WORK INSTRUCTION: Answer with one number only: the count of lines below that hold the word "zeta".

DATA PROVIDED:

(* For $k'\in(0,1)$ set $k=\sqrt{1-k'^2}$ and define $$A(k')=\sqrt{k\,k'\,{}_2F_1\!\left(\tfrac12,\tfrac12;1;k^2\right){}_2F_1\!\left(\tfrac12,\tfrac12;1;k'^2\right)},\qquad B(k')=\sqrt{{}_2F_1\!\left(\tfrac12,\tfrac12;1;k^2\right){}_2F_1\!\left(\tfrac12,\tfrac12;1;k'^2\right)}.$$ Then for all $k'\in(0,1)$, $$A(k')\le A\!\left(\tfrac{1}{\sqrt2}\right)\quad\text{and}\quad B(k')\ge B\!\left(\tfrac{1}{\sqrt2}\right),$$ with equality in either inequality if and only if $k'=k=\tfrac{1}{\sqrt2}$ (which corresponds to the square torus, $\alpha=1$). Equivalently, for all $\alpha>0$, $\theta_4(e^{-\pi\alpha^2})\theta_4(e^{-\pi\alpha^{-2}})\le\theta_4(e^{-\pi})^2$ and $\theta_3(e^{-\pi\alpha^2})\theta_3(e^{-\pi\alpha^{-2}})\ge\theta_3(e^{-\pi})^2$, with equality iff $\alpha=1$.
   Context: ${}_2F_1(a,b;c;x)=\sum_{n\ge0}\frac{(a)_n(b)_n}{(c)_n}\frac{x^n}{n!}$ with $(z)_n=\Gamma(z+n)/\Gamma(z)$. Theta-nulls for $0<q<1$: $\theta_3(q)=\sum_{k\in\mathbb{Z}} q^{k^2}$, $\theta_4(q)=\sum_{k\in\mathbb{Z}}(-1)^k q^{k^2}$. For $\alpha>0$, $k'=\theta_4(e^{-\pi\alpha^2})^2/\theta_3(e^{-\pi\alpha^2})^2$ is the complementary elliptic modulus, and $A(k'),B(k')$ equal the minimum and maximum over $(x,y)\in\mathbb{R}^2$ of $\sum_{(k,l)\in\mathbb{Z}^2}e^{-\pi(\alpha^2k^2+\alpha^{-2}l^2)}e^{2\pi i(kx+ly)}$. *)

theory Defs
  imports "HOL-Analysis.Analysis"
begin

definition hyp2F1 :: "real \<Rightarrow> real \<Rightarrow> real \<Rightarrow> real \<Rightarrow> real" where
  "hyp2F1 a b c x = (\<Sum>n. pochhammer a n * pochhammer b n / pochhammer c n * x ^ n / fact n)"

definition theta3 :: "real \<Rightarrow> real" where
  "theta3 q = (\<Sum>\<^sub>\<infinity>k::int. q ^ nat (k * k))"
--
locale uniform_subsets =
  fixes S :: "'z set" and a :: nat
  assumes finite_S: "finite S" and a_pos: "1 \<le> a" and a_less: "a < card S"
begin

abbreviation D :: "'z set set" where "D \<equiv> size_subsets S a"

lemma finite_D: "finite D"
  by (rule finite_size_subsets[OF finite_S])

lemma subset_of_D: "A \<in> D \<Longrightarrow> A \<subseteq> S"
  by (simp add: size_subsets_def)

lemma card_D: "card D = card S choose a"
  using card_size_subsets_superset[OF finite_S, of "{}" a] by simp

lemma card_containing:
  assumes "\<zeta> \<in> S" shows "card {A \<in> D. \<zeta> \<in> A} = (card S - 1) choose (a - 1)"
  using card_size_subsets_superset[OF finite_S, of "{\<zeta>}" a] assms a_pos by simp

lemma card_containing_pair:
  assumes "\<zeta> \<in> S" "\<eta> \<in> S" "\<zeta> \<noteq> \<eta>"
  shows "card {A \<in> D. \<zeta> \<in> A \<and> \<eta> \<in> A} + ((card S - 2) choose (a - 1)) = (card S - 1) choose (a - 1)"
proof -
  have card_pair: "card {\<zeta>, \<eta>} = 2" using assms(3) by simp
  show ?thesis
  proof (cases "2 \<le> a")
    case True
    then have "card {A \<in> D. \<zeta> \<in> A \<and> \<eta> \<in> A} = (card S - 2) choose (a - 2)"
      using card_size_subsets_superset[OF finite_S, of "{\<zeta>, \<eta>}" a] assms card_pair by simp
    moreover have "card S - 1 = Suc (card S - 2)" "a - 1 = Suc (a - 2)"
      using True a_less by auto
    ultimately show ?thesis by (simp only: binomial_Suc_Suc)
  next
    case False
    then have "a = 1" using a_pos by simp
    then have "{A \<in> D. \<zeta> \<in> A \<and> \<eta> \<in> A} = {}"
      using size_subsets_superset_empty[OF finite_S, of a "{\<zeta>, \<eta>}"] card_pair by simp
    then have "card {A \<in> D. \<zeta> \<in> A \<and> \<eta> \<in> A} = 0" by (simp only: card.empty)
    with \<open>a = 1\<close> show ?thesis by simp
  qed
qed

ANSWER TO THIS EXERCISE: 10